Whales, Minnows, and Barnacles
Open your spreadsheet. We are going to perform a triage.
Sort your customer list by Last 12 Months Revenue (LTM) from largest to smallest. Now, calculate the cumulative revenue.
You will likely see the Pareto Principle hit you in the face. The top 20% of rows are likely generating 80% of the cash. These are the Whales. Scroll down. The bottom 50% of rows? They are generating perhaps 5% of the cash.
Now, add a column for “Support Tickets.” Come, look at this cell. A customer in the bottom tier—paying $29/month—has submitted 14 tickets this month. They are a Barnacle. They attach themselves to the ship, add drag, and contribute almost no propulsion.

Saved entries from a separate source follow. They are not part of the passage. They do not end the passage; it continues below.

section \<open>Expected number of pulls of a super arm\<close>

primrec exp_pulls ::
  "nat \<Rightarrow> nat \<Rightarrow> (nat \<Rightarrow> (nat \<Rightarrow> nat) \<Rightarrow> real) \<Rightarrow> policy \<Rightarrow> (nat \<Rightarrow> nat) \<Rightarrow>
   nat \<Rightarrow> nat \<Rightarrow> history \<Rightarrow> real" where
  "exp_pulls N K Y \<pi> B 0 t h = 0"
| "exp_pulls N K Y \<pi> B (Suc k) t h =
     (\<Sum>A\<in>superarms N K. pmf (\<pi> t h) A *
        (of_bool (A = B) +
         (\<integral>r. exp_pulls N K Y \<pi> B k (Suc t) (h(t := (A, r))) \<partial>reward_measure N Y gauss_noise A)))"

lemma exp_pulls_measurable_bounded:
  assumes pol: "admissible_policy N K \<pi>"
  shows "(\<lambda>h. exp_pulls N K Y \<pi> B k t h) \<in> borel_measurable (histM N K t) \<and>
         (\<forall>h\<in>space (histM N K t). 0 \<le> exp_pulls N K Y \<pi> B k t h \<and> exp_pulls N K Y \<pi> B k t h \<le> real k)"
proof (induction k arbitrary: t)
  case 0
  have "exp_pulls N K Y \<pi> B 0 t = (\<lambda>_. 0)"
    by (simp add: fun_eq_iff)
  then show ?case by simp
next
  case (Suc k)
  then have meas: "(\<lambda>h. exp_pulls N K Y \<pi> B k (Suc t) h) \<in> borel_measurable (histM N K (Suc t))"
    and bounded: "\<And>h. h \<in> space (histM N K (Suc t)) \<Longrightarrow>
                    0 \<le> exp_pulls N K Y \<pi> B k (Suc t) h \<and> exp_pulls N K Y \<pi> B k (Suc t) h \<le> real k"
    by auto
  have "(\<lambda>h. exp_pulls N K Y \<pi> B (Suc k) t h) \<in> borel_measurable (histM N K t)"
    using measurable_integral_after_history_update[OF meas] pol
    by (auto simp: admissible_policy_def
        intro!: borel_measurable_sum borel_measurable_times borel_measurable_add)
  moreover have "0 \<le> exp_pulls N K Y \<pi> B (Suc k) t h \<and> exp_pulls N K Y \<pi> B (Suc k) t h \<le> real (Suc k)"
    if h: "h \<in> space (histM N K t)" for h
  proof -
    let ?I = "\<lambda>A. \<integral>r. exp_pulls N K Y \<pi> B k (Suc t) (h(t := (A, r))) \<partial>reward_measure N Y gauss_noise A"
    have "0 \<le> ?I A \<and> ?I A \<le> real k" if A: "A \<in> superarms N K" for A
      using prob_space.integrable_integral_between[OF prob_space_reward_measure
          measurable_after_history_update_reward[OF meas A h], where a=0 and b="real k"]
        bounded history_update_in_space[OF A h]
      by auto
    then have "0 \<le> of_bool (A = B) + ?I A \<and> of_bool (A = B) + ?I A \<le> real (Suc k)"
      if "A \<in> superarms N K" for A
      using that by fastforce
    then show ?thesis
      unfolding exp_pulls.simps
      by (intro convex_combination_between finite_superarms admissible_policy_sum_pmf[OF pol]) auto
  qed
  ultimately show ?case by blast
qed
(* The Oracle Mechanism is almost budget feasible: there is a function $\varepsilon(\theta)\ge0$ depending only on $\theta$, with $\varepsilon(\theta)\to0$ as $\theta\to0$, such that on every instance with largeness ratio $\theta$ the total payment $\sum_{j=1}^k2r_{x_j}\partial_j$ is at most $(1+\varepsilon(\theta))B$.
   Context: Sellers $S=\{1,\dots,n\}$ each own one indivisible item and have a cost $c_i\ge0$. The buyer's utility is a monotone submodular $F:2^S\to\mathbb R_{\ge0}$, budget $B>0$; $c(T)=\sum_{i\in T}c_i$. $F^\star=\max\{F(T):c(T)\le B\}>0$; the largeness ratio is $\theta=\max_sF(\{s\})/F^\star$. Greedy sequence $\chi(F)=\langle x_1,\dots,x_n\rangle$: with $\chi_0=\emptyset$, $\chi_i=\{x_1,\dots,x_i\}$, $x_i$ maximizes $(F(\chi_{i-1}\cup\{s\})-F(\chi_{i-1}))/c_s$ over $s\notin\chi_{i-1}$ (ratio $+\infty$ if $c_s=0$; ties arbitrary); $\partial_i=F(\chi_i)-F(\chi_{i-1})$. Oracle Mechanism: compute $F^\star$, construct $\chi(F)$, let $k$ be the largest integer with $F(\chi_k)\le F^\star/2$, declare $\chi_k$ the winners, and pay each winner $x_j$ the amount $2r_{x_j}\partial_j$, where $r_s=B/F^\star_s$ and $F^\star_s=\max\{F(T):T\subseteq S\setminus\{s\},c(T)\le B\}$. *)

theory Defs
  imports Complex_Main "HOL-Library.Extended_Real"
begin

text \<open>Sellers are S = {1..n}; costs c :: nat => real; utility F :: nat set => real.\<close>

definition cost :: "(nat \<Rightarrow> real) \<Rightarrow> nat set \<Rightarrow> real" where
  "cost c T = (\<Sum>i\<in>T. c i)"

definition monotone_submodular :: "nat set \<Rightarrow> (nat set \<Rightarrow> real) \<Rightarrow> bool" where
  "monotone_submodular S F \<longleftrightarrow>
     (\<forall>T. T \<subseteq> S \<longrightarrow> F T \<ge> 0) \<and>
     (\<forall>A B. A \<subseteq> B \<and> B \<subseteq> S \<longrightarrow> F A \<le> F B) \<and>
     (\<forall>A B. A \<subseteq> S \<and> B \<subseteq> S \<longrightarrow> F (A \<union> B) + F (A \<inter> B) \<le> F A + F B)"

definition opt :: "nat set \<Rightarrow> (nat \<Rightarrow> real) \<Rightarrow> real \<Rightarrow> (nat set \<Rightarrow> real) \<Rightarrow> real" where
  "opt U c B F = Max {F T | T. T \<subseteq> U \<and> cost c T \<le> B}"

definition largeness :: "nat set \<Rightarrow> (nat \<Rightarrow> real) \<Rightarrow> real \<Rightarrow> (nat set \<Rightarrow> real) \<Rightarrow> real" where
  "largeness S c B F = Max ((\<lambda>s. F {s}) ` S) / opt S c B F"

definition chi :: "(nat \<Rightarrow> nat) \<Rightarrow> nat \<Rightarrow> nat set" where
  "chi x i = x ` {1..i}"

definition gain_ratio :: "(nat \<Rightarrow> real) \<Rightarrow> (nat set \<Rightarrow> real) \<Rightarrow> nat set \<Rightarrow> nat \<Rightarrow> ereal" where
  "gain_ratio c F T s = (if c s = 0 then \<infinity> else ereal ((F (T \<union> {s}) - F T) / c s))"

definition greedy_seq :: "nat \<Rightarrow> (nat \<Rightarrow> real) \<Rightarrow> (nat set \<Rightarrow> real) \<Rightarrow> (nat \<Rightarrow> nat) \<Rightarrow> bool" where
  "greedy_seq n c F x \<longleftrightarrow>
     (\<forall>i\<in>{1..n}. x i \<in> {1..n} - chi x (i - 1) \<and>
        (\<forall>s \<in> {1..n} - chi x (i - 1).
            gain_ratio c F (chi x (i - 1)) s \<le> gain_ratio c F (chi x (i - 1)) (x i)))"

definition marginal :: "(nat set \<Rightarrow> real) \<Rightarrow> (nat \<Rightarrow> nat) \<Rightarrow> nat \<Rightarrow> real" where
  "marginal F x i = F (chi x i) - F (chi x (i - 1))"

definition rate :: "nat set \<Rightarrow> (nat \<Rightarrow> real) \<Rightarrow> real \<Rightarrow> (nat set \<Rightarrow> real) \<Rightarrow> nat \<Rightarrow> real" where
  "rate S c B F s = B / opt (S - {s}) c B F"

definition oracle_k :: "nat \<Rightarrow> (nat \<Rightarrow> real) \<Rightarrow> real \<Rightarrow> (nat set \<Rightarrow> real) \<Rightarrow> (nat \<Rightarrow> nat) \<Rightarrow> nat \<Rightarrow> bool" where
  "oracle_k n c B F x k \<longleftrightarrow>
     k \<le> n \<and> F (chi x k) \<le> opt {1..n} c B F / 2 \<and>
     (\<forall>j. j \<le> n \<and> F (chi x j) \<le> opt {1..n} c B F / 2 \<longrightarrow> j \<le> k)"

definition oracle_payment :: "nat \<Rightarrow> (nat \<Rightarrow> real) \<Rightarrow> real \<Rightarrow> (nat set \<Rightarrow> real) \<Rightarrow> (nat \<Rightarrow> nat) \<Rightarrow> nat \<Rightarrow> real" where
  "oracle_payment n c B F x k = (\<Sum>j=1..k. 2 * rate {1..n} c B F (x j) * marginal F x j)"

end

theory Submission
  imports Defs
begin

text \<open>Every winner s satisfies F{s} \<le> F(chi_k) \<le> F*/2 and F{s} \<le> \<theta> F*. By submodularity, deleting s
  from an optimal budget-feasible set loses at most F{s}, so F*_s \<ge> max (1/2) (1 - \<theta>) F* and every
  rate is at most B / (max (1/2) (1 - \<theta>) F*). The marginals of the winners telescope to
  F(chi_k) \<le> F*/2, so the total payment is at most B / max (1/2) (1 - \<theta>).\<close>

lemma finite_opt_candidates:
  assumes "finite U"
  shows "finite {F T | T. T \<subseteq> U \<and> cost c T \<le> B}"
proof -
  have "{F T | T. T \<subseteq> U \<and> cost c T \<le> B} \<subseteq> F ` Pow U" by auto
  then show ?thesis using assms finite_subset by blast
qed

lemma opt_ge:
  assumes "finite U" "T \<subseteq> U" "cost c T \<le> B"
  shows "F T \<le> opt U c B F"
  unfolding opt_def using assms by (intro Max_ge finite_opt_candidates) auto

lemma opt_attained:
  assumes "finite U" "B \<ge> 0"
  obtains T where "T \<subseteq> U" "cost c T \<le> B" "F T = opt U c B F"
proof -
  have "{F T | T. T \<subseteq> U \<and> cost c T \<le> B} \<noteq> {}"
    using assms(2) by (auto simp: cost_def)
  then have "opt U c B F \<in> {F T | T. T \<subseteq> U \<and> cost c T \<le> B}"
    unfolding opt_def using assms(1) by (intro Max_in finite_opt_candidates)
  then show ?thesis using that by auto
qed

lemma cost_mono:
  assumes "finite U" "A \<subseteq> T" "T \<subseteq> U" "\<forall>i\<in>U. c i \<ge> 0"
  shows "cost c A \<le> cost c T"
  unfolding cost_def using assms by (intro sum_mono2) (auto intro: finite_subset)

lemma opt_delete_ge:
  assumes "finite U" "s \<in> U" "\<forall>i\<in>U. c i \<ge> 0" "B \<ge> 0" "monotone_submodular U F"
  shows "opt U c B F - F {s} \<le> opt (U - {s}) c B F"
proof -
  obtain T where T: "T \<subseteq> U" "cost c T \<le> B" "F T = opt U c B F"
    using opt_attained assms(1,4) by blast
  from assms(5) have nonneg: "\<And>T. T \<subseteq> U \<Longrightarrow> F T \<ge> 0"
    and mono: "\<And>A T. A \<subseteq> T \<Longrightarrow> T \<subseteq> U \<Longrightarrow> F A \<le> F T"
    and submod: "\<And>A T. A \<subseteq> U \<Longrightarrow> T \<subseteq> U \<Longrightarrow> F (A \<union> T) + F (A \<inter> T) \<le> F A + F T"
    unfolding monotone_submodular_def by blast+
  have "F T \<le> F ((T - {s}) \<union> {s})"
    using assms(2) T(1) by (intro mono) auto
  also have "\<dots> \<le> F (T - {s}) + F {s} - F ((T - {s}) \<inter> {s})"
  proof -
    have "T - {s} \<subseteq> U" "{s} \<subseteq> U" using assms(2) T(1) by auto
    from submod[OF this] show ?thesis by linarith
  qed
  also have "\<dots> \<le> F (T - {s}) + F {s}"
    using nonneg[of "{}"] by simp
  also have "\<dots> \<le> opt (U - {s}) c B F + F {s}"
  proof -
    have "cost c (T - {s}) \<le> cost c T"
      using assms(1,3) T(1) by (intro cost_mono) auto
    then have "F (T - {s}) \<le> opt (U - {s}) c B F"
      using assms(1) T(1,2) by (intro opt_ge) auto
    then show ?thesis by simp
  qed
  finally show ?thesis using T(3) by simp
qed

lemma singleton_le_largeness:
  assumes "finite S" "s \<in> S" "opt S c B F > 0"
  shows "F {s} \<le> largeness S c B F * opt S c B F"
  using assms Max_ge[of "(\<lambda>s. F {s}) ` S" "F {s}"] by (simp add: largeness_def)

text \<open>The absolute value keeps \<epsilon> nonnegative on all of the reals; on instances \<theta> \<ge> 0 anyway.\<close>
definition payment_overhead :: "real \<Rightarrow> real" where
  "payment_overhead \<theta> = 1 / max (1/2) (1 - \<bar>\<theta>\<bar>) - 1"

lemma payment_overhead_nonneg: "payment_overhead \<theta> \<ge> 0"
  by (simp add: payment_overhead_def field_simps)

lemma payment_overhead_tendsto_0: "(payment_overhead \<longlongrightarrow> 0) (at_right 0)"
proof -
  have "(payment_overhead \<longlongrightarrow> payment_overhead 0) (at 0)"
    unfolding payment_overhead_def by (intro tendsto_intros) auto
  then show ?thesis
    by (simp add: payment_overhead_def filterlim_at_split[of payment_overhead])
qed

text \<open>The hypothesis F{s} \<le> F*/2 is what allows the factor 1/2 in place of 1 - \<theta> for large \<theta>.\<close>
lemma rate_le_overhead:
  assumes "finite S" "s \<in> S" "\<forall>i\<in>S. c i \<ge> 0" "B > 0" "monotone_submodular S F"
    and opt_pos: "opt S c B F > 0" and small: "F {s} \<le> opt S c B F / 2"
  shows "rate S c B F s \<le> (1 + payment_overhead (largeness S c B F)) * B / opt S c B F"
proof -
  define m where "m = max (1/2) (1 - \<bar>largeness S c B F\<bar>)"
  have "F {s} \<le> \<bar>largeness S c B F\<bar> * opt S c B F"
    using singleton_le_largeness[OF assms(1,2) opt_pos] opt_pos
    by (smt (verit) abs_ge_self mult_right_mono)
  then have "m * opt S c B F \<le> opt S c B F - F {s}"
    using small by (auto simp: m_def max_def algebra_simps)
  also have "\<dots> \<le> opt (S - {s}) c B F"
    using assms by (intro opt_delete_ge) auto
  finally have opt_delete: "m * opt S c B F \<le> opt (S - {s}) c B F" .
  have "m * opt S c B F > 0"
    using opt_pos by (simp add: m_def)
  then have "B / opt (S - {s}) c B F \<le> B / (m * opt S c B F)"
    using opt_delete \<open>B > 0\<close> by (intro divide_left_mono) auto
  then show ?thesis
    by (simp add: rate_def payment_overhead_def m_def)
qed

lemma chi_mono: "i \<le> j \<Longrightarrow> chi x i \<subseteq> chi x j"
  unfolding chi_def by auto

lemma chi_0 [simp]: "chi x 0 = {}"
  unfolding chi_def by auto

lemma sum_marginal: "(\<Sum>j=1..k. marginal F x j) = F (chi x k) - F {}"
  by (induction k) (auto simp: marginal_def)

lemma marginal_nonneg:
  assumes "monotone_submodular S F" "chi x j \<subseteq> S"
  shows "marginal F x j \<ge> 0"
  using assms chi_mono[of "j - 1" j x] by (auto simp: marginal_def monotone_submodular_def)

lemma greedy_seq_chi_subset:
  "greedy_seq n c F x \<Longrightarrow> j \<le> n \<Longrightarrow> chi x j \<subseteq> {1..n}"
  unfolding greedy_seq_def chi_def by auto

theorem lemma18:
  "\<exists>\<epsilon> :: real \<Rightarrow> real. (\<forall>\<theta>. \<epsilon> \<theta> \<ge> 0) \<and> (\<epsilon> \<longlongrightarrow> 0) (at_right 0) \<and>
     (\<forall>(n::nat) (c::nat \<Rightarrow> real) (F::nat set \<Rightarrow> real) (B::real) (x::nat \<Rightarrow> nat) (k::nat).
        (\<forall>i\<in>{1..n}. c i \<ge> 0) \<and> B > 0 \<and> monotone_submodular {1..n} F \<and>
        opt {1..n} c B F > 0 \<and> greedy_seq n c F x \<and> oracle_k n c B F x k
        \<longrightarrow> oracle_payment n c B F x k \<le> (1 + \<epsilon> (largeness {1..n} c B F)) * B)"
proof (intro exI[of _ payment_overhead] conjI allI impI payment_overhead_nonneg
    payment_overhead_tendsto_0)
  fix n c F B x k
  assume "(\<forall>i\<in>{1..n}. c i \<ge> 0) \<and> B > 0 \<and> monotone_submodular {1..n} F \<and>
    opt {1..n} c B F > 0 \<and> greedy_seq n c F x \<and> oracle_k n c B F x k"
  then have c: "\<forall>i\<in>{1..n}. c i \<ge> 0" and "B > 0" and F: "monotone_submodular {1..n} F"
    and opt_pos: "opt {1..n} c B F > 0" and greedy: "greedy_seq n c F x"
    and "k \<le> n" and half: "F (chi x k) \<le> opt {1..n} c B F / 2"
    by (auto simp: oracle_k_def)
  define R where "R = (1 + payment_overhead (largeness {1..n} c B F)) * B / opt {1..n} c B F"
  have winners: "chi x k \<subseteq> {1..n}" and mono: "\<And>A T. A \<subseteq> T \<Longrightarrow> T \<subseteq> {1..n} \<Longrightarrow> F A \<le> F T"
    using greedy_seq_chi_subset[OF greedy \<open>k \<le> n\<close>] F by (auto simp: monotone_submodular_def)
  have "rate {1..n} c B F (x j) \<le> R" if "j \<in> {1..k}" for j
  proof -
    have "x j \<in> chi x k" using that by (auto simp: chi_def)
    then have "F {x j} \<le> opt {1..n} c B F / 2"
      using winners by (intro order_trans[OF mono half]) auto
    then show ?thesis unfolding R_def using \<open>x j \<in> chi x k\<close> winners c \<open>B > 0\<close> F opt_pos
      by (intro rate_le_overhead) auto
  qed
  moreover have "marginal F x j \<ge> 0" if "j \<in> {1..k}" for j
    using that winners chi_mono[of j k x] by (intro marginal_nonneg[OF F]) auto
  ultimately have "oracle_payment n c B F x k \<le> 2 * R * (\<Sum>j=1..k. marginal F x j)"
    unfolding oracle_payment_def sum_distrib_left
    by (intro sum_mono mult_right_mono mult_left_mono) auto
  also have "\<dots> \<le> 2 * R * (opt {1..n} c B F / 2)"
  proof (rule mult_left_mono)
    have "F {} \<ge> 0" using F by (simp add: monotone_submodular_def)
    then show "(\<Sum>j=1..k. marginal F x j) \<le> opt {1..n} c B F / 2"
      using half sum_marginal[of F x k] by simp
    show "2 * R \<ge> 0"
      using opt_pos \<open>B > 0\<close> payment_overhead_nonneg[of "largeness {1..n} c B F"]
      by (simp add: R_def)
  qed
  finally show "oracle_payment n c B F x k \<le> (1 + payment_overhead (largeness {1..n} c B F)) * B"
    using opt_pos by (simp add: R_def)
qed

end
lemma is_path_Dk_path_iff:
  "is_path (Dk_arcs A d k) (Dk_tail ta d k s) (Dk_head ha d k s) (Dk_source d k s)
      (Dk_path d k c P) (Inl t)
     \<longleftrightarrow> (\<forall>j<d - k. c j < k) \<and> is_path A ta ha s P t"
proof -
  have "set (Dk_path d k c P) \<subseteq> Dk_arcs A d k \<longleftrightarrow> (\<forall>j<d - k. c j < k) \<and> set P \<subseteq> A"
    by (auto simp: set_Dk_path Dk_arcs_def)
  moreover have "distinct (map Inr [0..<d - k] @ map Inl (s # map ha P))
      \<longleftrightarrow> distinct (s # map ha P)"
    by (simp only: distinct_append distinct_map) (auto simp: inj_on_def)
  ultimately show ?thesis
    unfolding is_path_def walk_Dk_path_iff vertices_Dk_path by blast
qed

lemma Dk_walk_from_Inl:
  assumes "set Q \<subseteq> Dk_arcs A d k"
    and "is_walk (Dk_tail ta d k s) (Dk_head ha d k s) (Inl x) Q w"
  shows "\<exists>P. Q = map Inl P"
  using assms
proof (induction Q arbitrary: x)
  case Nil
  then show ?case by simp
next
  case (Cons a Q)
  then obtain b where "a = Inl b"
    by (cases a) (auto simp: Dk_arcs_def gvert_def split: if_splits)
  with Cons obtain P where "Q = map Inl P"
    by auto
  with \<open>a = Inl b\<close> have "a # Q = map Inl (b # P)"
    by simp
  then show ?case ..
qed

lemma Dk_walk_from_gvert:
  assumes "m \<le> d - k" and "set Q \<subseteq> Dk_arcs A d k"
    and "is_walk (Dk_tail ta d k s) (Dk_head ha d k s) (gvert d k s m) Q (Inl y)"
  shows "\<exists>c P. Q = map (\<lambda>j. Inr (j, c j)) [m..<d - k] @ map Inl P"
  using assms
proof (induction "d - k - m" arbitrary: m Q)
  case 0
  then have "m = d - k"
    by simp
  then have "gvert d k s m = Inl s"
    by (simp add: gvert_def)
  with 0 obtain P where "Q = map Inl P"
    using Dk_walk_from_Inl by metis
  with \<open>m = d - k\<close> show ?case
    by simp
next
  case (Suc l)
  then have "m < d - k" and "gvert d k s m = Inr m"
    by (simp_all add: gvert_def)
  with Suc.prems obtain a Q' where Q: "Q = a # Q'" and "a \<in> Dk_arcs A d k"
      and "Dk_tail ta d k s a = Inr m"
    by (cases Q) auto
  then obtain i where a: "a = Inr (m, i)"
    by (auto simp: Dk_arcs_def gvert_def split: if_splits)
  have "l = d - k - Suc m" and "Suc m \<le> d - k"
    using Suc.hyps(2) \<open>m < d - k\<close> by simp_all
  moreover have "set Q' \<subseteq> Dk_arcs A d k"
    and "is_walk (Dk_tail ta d k s) (Dk_head ha d k s) (gvert d k s (Suc m)) Q' (Inl y)"
    using Suc.prems Q a by simp_all
  ultimately obtain c P where "Q' = map (\<lambda>j. Inr (j, c j)) [Suc m..<d - k] @ map Inl P"
    using Suc.hyps(1) by blast
  then have "Q = map (\<lambda>j. Inr (j, (c(m := i)) j)) [m..<d - k] @ map Inl P"
    using Q a \<open>m < d - k\<close> by (simp add: upt_conv_Cons)
  then show ?case by blast
qed

lemma is_path_Dk_sourceE:
  assumes "is_path (Dk_arcs A d k) (Dk_tail ta d k s) (Dk_head ha d k s) (Dk_source d k s) Q (Inl y)"
  obtains c P where "Q = Dk_path d k c P"
  using assms Dk_walk_from_gvert[of 0 d k Q A ta s ha y]
  unfolding is_path_def Dk_source_def Dk_path_def by auto

lemma path_length_Dk_path:
  "path_length (Dk_time \<tau> \<Delta>) (Dk_path d k c P)
     = path_length \<tau> P + card {j. j < d - k \<and> c j = 0} * \<Delta>"
proof -
  have "sum_list (map (Dk_time \<tau> \<Delta>) (map (\<lambda>j. Inr (j, c j)) [0..<d - k]))
      = (\<Sum>j<d - k. if c j = 0 then \<Delta> else 0)"
    by (simp add: comp_def sum_list_sum_nth atLeast0LessThan)
  also have "\<dots> = (\<Sum>j\<in>{j\<in>{..<d - k}. c j = 0}. \<Delta>)"
    by (rule sum.inter_filter[symmetric]) simp
  finally show ?thesis
    by (simp add: path_length_def Dk_path_def comp_def)
qed

lemma Dk_path_disjoint_iff:
  "set (Dk_path d k c P) \<inter> set (Dk_path d k c' P') = {}
     \<longleftrightarrow> (\<forall>j<d - k. c j \<noteq> c' j) \<and> set P \<inter> set P' = {}"
  by (auto simp: set_Dk_path)

lemma sum_card_swap:
  fixes k n :: nat
  shows "(\<Sum>i<k. card {j. j < n \<and> R i j}) = (\<Sum>j<n. card {i. i < k \<and> R i j})"
proof -
  have card_as_sum: "card {x. x < m \<and> P x} = (\<Sum>x<m. if P x then 1 else 0)"
    for m and P :: "nat \<Rightarrow> bool"
    by (simp add: sum.If_cases lessThan_def Collect_conj_eq)
  show ?thesis
    unfolding card_as_sum by (rule sum.swap)
qed

text \<open>\<open>c i j\<close> is the arc of bundle \<open>j\<close> used by path \<open>i\<close>; every arc of every bundle is used once.\<close>
definition bundle_assignment :: "nat \<Rightarrow> nat \<Rightarrow> (nat \<Rightarrow> nat \<Rightarrow> nat) \<Rightarrow> bool" where
  "bundle_assignment k n c \<longleftrightarrow> (\<forall>j<n. bij_betw (\<lambda>i. c i j) {..<k} {..<k})"
lemma ytA_DA: "ytA \<in> DA"
  unfolding DA_iff
proof (intro conjI ballI)
  show "ytA \<in> WC d"
    by (rule ytA_WC)
next
  fix i j assume i: "i \<in> Idx r" and j: "j \<in> Idx r"
  have ge: "A x j \<le> card (cell ytA x j)" if x: "x \<in> Idx r" for x
  proof -
    have xj: "(x, j) \<in> Cells"
      using x j by simp
    have "sgn_nth d ` {read_offset (x, j)..<read_offset (x, j) + A x j} \<subseteq> cell ytA x j"
      using cell_of_read_position[OF xj] by (auto simp: atLeastLessThan_iff le_iff_add)
    moreover have "inj_on (sgn_nth d) {read_offset (x, j)..<read_offset (x, j) + A x j}"
      by (rule inj_on_subset[OF inj_on_sgn_nth]) (use read_offset_bound[OF xj] in auto)
    ultimately show ?thesis
      using card_mono[OF finite_cell] by (metis card_atLeastLessThan card_image add_diff_cancel_left')
  qed
  have "(\<Sum>x\<in>Idx r. card (cell ytA x j)) = card (\<Union>x\<in>Idx r. cell ytA x j)"
    using cells_disjoint[of "(x, j)" "(x', j)" ytA for x x'] j
    by (intro card_UN_disjoint[symmetric]) auto
  also have "\<dots> \<le> card (Rcol j)"
    by (rule card_mono) (auto simp: cell_def)
  also have "\<dots> = (\<Sum>x\<in>Idx r. A x j)"
    using cols.card_Rset[OF j] by (simp add: co_def)
  finally have "(\<Sum>x\<in>Idx r. card (cell ytA x j)) = (\<Sum>x\<in>Idx r. A x j)"
    using sum_mono[of "Idx r" "\<lambda>x. A x j" "\<lambda>x. card (cell ytA x j)"] ge by (simp add: antisym)
  then show "card (cell ytA i j) = A i j"
    using sum_mono_inv[of "\<lambda>x. A x j" "Idx r" "\<lambda>x. card (cell ytA x j)"] ge i by (metis finite_Idx)
qed

lemma DA_comp_Wpar:
  assumes y: "y \<in> DA" and u: "u \<in> Wpar r d (ro r A)" and p: "p \<in> Wpar r d (co r A)"
  shows "u \<circ> y \<circ> p \<in> DA"
proof -
  have uW: "u \<in> WC d" and pW: "p \<in> WC d"
    using u p by (auto simp: Wpar_def)
  have "card (Rrow i \<inter> (u \<circ> y \<circ> p) ` Rcol j) = A i j" if "i \<in> Idx r" "j \<in> Idx r" for i j
  proof -
    have "(u \<circ> y \<circ> p) ` Rcol j = u ` y ` p ` Rcol j"
      by (simp add: image_image)
    also have "p ` Rcol j = Rcol j"
      using p that by (simp add: Wpar_def)
    finally have "(u \<circ> y \<circ> p) ` Rcol j = u ` y ` Rcol j" .
    then have "Rrow i \<inter> (u \<circ> y \<circ> p) ` Rcol j = u ` (Rrow i \<inter> y ` Rcol j)"
      using u that WC_inj[OF uW] by (simp add: Wpar_def image_Int)
    then show ?thesis
      using y that WC_inj[OF uW] by (simp add: card_image DA_def)
  qed
  then show ?thesis
    using WC_comp[OF WC_comp[OF uW DA_WC[OF y]] pW] by (simp add: DA_def)
qed

definition row_of :: "(int \<Rightarrow> int) \<Rightarrow> int \<Rightarrow> int" where
  "row_of v a = (THE i. i \<in> Idx r \<and> v a \<in> Rrow i)"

Meanwhile, your Whale has submitted zero tickets. They are happy. They are quiet. And because they are quiet, you are ignoring them to fight the fires started by the Barnacles.
[TO EDITOR: Illustration needed. A scatter plot. Y-Axis is “Revenue”. X-Axis is “Support Hours”. Top Left Quadrant (High Rev, Low Support) labeled “The Whales (Protect)”. Bottom Right Quadrant (Low Rev, High Support) labeled “The Barnacles (Automate)”.]
The Strategic Divorce
Once you see this shape, you cannot unsee it. The data demands that you treat these groups differently.
You cannot have one “Customer Success” strategy. You need two.
- For the Barnacles: Ruthless automation. Self-service help centers. Community forums. If they want to talk to a human, they must upgrade. We love them, but we cannot afford to have dinner with them.
- For the Whales: White glove service. A dedicated phone number. Quarterly business reviews.
The “Average Customer” is a myth that keeps us busy. The segments are the reality that keeps us profitable. Stop trying to make everyone happy. Find the ones who pay the rent, and make them ecstatic.
FAQs
Is it rude to call customers 'Barnacles'?
It is a metaphor for internal strategy, not a name tag for a conference. It describes their economic behavior, not their human worth.
What if I only have small customers right now?
Then you have a distribution problem. You need to know that, so you can decide to either automate them or hunt bigger game.
How do I do this in Excel?
Sort your customer list by 'Lifetime Value'. Draw a line at the top 20%. Color them Gold. Look at the difference.